> Saved entries

= = = =

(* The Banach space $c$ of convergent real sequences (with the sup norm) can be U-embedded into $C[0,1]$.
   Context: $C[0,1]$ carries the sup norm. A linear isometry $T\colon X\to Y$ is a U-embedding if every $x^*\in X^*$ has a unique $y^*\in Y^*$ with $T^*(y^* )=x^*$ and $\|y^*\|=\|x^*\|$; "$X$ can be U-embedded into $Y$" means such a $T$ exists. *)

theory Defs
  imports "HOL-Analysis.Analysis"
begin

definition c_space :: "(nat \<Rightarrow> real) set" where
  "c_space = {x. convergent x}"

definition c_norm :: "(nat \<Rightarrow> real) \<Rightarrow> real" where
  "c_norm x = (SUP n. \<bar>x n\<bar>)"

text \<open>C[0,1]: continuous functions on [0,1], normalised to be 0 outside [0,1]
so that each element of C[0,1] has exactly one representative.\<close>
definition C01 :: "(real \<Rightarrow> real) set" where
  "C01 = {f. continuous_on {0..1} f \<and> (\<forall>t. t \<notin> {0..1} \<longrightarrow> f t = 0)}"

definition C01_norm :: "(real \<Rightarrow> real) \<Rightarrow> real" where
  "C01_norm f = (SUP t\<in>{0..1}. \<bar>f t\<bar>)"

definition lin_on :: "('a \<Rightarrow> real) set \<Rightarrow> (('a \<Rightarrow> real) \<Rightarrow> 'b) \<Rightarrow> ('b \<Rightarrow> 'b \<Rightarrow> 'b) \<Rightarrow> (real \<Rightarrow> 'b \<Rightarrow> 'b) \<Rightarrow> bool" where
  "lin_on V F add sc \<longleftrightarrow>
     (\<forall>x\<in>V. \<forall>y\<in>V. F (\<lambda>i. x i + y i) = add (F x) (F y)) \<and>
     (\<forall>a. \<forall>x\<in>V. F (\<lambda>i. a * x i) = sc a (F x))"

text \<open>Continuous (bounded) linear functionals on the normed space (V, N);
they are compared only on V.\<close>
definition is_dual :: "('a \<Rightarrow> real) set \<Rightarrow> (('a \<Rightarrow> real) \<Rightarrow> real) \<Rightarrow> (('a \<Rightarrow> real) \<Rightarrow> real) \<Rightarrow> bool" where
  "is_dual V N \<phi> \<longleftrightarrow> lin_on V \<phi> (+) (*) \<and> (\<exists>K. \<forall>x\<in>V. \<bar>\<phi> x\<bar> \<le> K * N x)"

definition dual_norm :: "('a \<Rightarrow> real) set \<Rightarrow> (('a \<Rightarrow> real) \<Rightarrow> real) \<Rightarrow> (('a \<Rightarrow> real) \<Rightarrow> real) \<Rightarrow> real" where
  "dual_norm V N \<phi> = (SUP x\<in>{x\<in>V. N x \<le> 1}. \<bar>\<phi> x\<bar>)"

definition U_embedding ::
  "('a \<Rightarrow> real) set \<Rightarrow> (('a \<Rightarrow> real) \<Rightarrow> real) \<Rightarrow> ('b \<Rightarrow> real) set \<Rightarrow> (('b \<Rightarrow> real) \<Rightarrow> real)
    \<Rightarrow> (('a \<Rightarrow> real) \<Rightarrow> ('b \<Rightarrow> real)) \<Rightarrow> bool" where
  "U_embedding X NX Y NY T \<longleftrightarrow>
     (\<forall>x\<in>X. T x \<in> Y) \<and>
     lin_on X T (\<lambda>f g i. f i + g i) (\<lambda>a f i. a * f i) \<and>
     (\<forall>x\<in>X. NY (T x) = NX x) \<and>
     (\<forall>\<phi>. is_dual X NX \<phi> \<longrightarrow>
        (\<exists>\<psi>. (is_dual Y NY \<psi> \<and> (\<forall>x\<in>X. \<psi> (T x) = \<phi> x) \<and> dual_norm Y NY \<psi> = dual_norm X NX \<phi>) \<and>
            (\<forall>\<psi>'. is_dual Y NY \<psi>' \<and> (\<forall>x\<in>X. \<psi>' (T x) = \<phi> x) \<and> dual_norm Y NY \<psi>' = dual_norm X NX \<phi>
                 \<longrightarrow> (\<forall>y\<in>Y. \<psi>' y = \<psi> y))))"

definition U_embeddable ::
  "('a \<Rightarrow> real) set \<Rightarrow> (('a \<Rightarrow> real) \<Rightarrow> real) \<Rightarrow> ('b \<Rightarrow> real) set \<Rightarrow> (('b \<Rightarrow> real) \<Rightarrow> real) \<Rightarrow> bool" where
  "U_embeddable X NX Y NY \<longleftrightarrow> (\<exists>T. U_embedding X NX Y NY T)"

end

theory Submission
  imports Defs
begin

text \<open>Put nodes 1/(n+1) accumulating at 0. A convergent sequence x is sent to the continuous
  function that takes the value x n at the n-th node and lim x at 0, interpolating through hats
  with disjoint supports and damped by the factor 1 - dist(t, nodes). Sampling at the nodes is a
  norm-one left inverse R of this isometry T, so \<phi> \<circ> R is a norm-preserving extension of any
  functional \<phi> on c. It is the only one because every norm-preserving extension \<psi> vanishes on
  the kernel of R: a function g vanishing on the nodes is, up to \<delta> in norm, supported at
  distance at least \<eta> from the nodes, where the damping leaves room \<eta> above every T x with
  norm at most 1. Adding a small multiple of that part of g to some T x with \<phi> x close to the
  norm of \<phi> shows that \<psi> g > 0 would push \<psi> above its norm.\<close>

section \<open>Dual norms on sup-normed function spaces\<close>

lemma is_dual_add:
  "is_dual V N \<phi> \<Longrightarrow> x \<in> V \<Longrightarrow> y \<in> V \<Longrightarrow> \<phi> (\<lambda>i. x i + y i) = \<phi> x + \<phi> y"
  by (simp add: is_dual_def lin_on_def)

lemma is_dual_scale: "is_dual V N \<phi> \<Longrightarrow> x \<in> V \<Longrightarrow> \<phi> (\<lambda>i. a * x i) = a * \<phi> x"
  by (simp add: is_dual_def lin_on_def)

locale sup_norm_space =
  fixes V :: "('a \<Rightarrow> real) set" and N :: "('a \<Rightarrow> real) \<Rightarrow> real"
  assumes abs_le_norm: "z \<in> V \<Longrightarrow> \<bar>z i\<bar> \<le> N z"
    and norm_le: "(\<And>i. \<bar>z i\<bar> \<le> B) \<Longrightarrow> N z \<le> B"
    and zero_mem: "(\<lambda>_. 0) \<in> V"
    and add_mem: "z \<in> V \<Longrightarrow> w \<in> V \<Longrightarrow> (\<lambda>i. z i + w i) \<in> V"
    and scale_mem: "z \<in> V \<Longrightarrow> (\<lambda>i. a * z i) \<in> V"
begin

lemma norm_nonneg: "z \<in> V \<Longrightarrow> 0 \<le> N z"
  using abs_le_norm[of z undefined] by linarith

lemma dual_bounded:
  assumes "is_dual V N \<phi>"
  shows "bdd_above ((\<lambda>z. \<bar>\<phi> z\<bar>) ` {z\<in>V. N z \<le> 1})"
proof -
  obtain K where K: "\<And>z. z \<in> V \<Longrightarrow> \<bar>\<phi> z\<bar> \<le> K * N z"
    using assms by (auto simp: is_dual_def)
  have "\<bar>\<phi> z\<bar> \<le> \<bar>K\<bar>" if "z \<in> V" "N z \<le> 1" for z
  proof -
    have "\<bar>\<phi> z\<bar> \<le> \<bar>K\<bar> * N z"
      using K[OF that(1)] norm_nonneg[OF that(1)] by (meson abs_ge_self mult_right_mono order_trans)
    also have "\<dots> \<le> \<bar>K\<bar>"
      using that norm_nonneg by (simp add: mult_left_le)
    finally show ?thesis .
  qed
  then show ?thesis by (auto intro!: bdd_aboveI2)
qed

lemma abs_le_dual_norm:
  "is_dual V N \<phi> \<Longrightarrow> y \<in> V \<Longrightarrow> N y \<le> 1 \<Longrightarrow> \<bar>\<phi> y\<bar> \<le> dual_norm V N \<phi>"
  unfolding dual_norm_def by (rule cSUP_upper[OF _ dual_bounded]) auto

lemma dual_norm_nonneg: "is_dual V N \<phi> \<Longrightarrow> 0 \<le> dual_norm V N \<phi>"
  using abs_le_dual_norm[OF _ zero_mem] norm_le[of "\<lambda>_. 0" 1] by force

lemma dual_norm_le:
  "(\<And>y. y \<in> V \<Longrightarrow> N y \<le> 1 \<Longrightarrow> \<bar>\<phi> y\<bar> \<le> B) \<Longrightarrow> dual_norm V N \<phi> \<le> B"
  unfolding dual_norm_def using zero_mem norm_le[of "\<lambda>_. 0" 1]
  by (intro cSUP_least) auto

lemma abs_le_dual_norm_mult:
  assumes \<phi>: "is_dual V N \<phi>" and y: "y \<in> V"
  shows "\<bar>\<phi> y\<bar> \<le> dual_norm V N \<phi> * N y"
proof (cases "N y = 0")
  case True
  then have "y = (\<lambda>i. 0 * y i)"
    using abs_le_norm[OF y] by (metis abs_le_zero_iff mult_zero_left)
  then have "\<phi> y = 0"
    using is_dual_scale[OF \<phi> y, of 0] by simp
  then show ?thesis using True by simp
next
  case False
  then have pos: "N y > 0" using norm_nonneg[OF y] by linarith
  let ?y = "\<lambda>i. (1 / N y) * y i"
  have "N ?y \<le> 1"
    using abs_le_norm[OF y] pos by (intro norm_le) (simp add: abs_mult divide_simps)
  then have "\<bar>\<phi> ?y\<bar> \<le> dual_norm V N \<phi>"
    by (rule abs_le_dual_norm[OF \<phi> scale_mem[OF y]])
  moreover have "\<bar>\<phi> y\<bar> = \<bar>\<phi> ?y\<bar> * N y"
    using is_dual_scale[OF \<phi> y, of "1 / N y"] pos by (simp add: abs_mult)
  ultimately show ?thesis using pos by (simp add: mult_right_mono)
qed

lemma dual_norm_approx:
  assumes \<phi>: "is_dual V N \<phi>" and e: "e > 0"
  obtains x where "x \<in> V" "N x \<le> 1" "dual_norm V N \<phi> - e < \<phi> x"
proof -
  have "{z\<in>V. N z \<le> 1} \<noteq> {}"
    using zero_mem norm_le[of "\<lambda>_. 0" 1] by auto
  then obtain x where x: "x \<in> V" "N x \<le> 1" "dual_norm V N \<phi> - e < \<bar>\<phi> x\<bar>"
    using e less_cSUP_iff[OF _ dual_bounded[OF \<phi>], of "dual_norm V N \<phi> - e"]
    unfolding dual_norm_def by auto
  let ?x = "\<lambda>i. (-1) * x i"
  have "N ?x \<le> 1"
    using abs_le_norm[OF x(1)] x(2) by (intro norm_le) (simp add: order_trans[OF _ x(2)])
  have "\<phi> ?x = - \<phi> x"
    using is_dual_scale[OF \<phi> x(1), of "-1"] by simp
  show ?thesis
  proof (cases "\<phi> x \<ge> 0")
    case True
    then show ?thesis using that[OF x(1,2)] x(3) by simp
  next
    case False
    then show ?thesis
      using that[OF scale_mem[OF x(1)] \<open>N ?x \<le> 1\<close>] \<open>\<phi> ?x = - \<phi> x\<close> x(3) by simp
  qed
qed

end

= = = =

Please give again the lines above between the line holding "text \<open>Put nodes" and the line holding "section \<open>Dual norms", inclusive, exactly as they are and with nothing added.

> Exercise response
text \<open>Put nodes 1/(n+1) accumulating at 0. A convergent sequence x is sent to the continuous
  function that takes the value x n at the n-th node and lim x at 0, interpolating through hats
  with disjoint supports and damped by the factor 1 - dist(t, nodes). Sampling at the nodes is a
  norm-one left inverse R of this isometry T, so \<phi> \<circ> R is a norm-preserving extension of any
  functional \<phi> on c. It is the only one because every norm-preserving extension \<psi> vanishes on
  the kernel of R: a function g vanishing on the nodes is, up to \<delta> in norm, supported at
  distance at least \<eta> from the nodes, where the damping leaves room \<eta> above every T x with
  norm at most 1. Adding a small multiple of that part of g to some T x with \<phi> x close to the
  norm of \<phi> shows that \<psi> g > 0 would push \<psi> above its norm.\<close>

section \<open>Dual norms on sup-normed function spaces\<close>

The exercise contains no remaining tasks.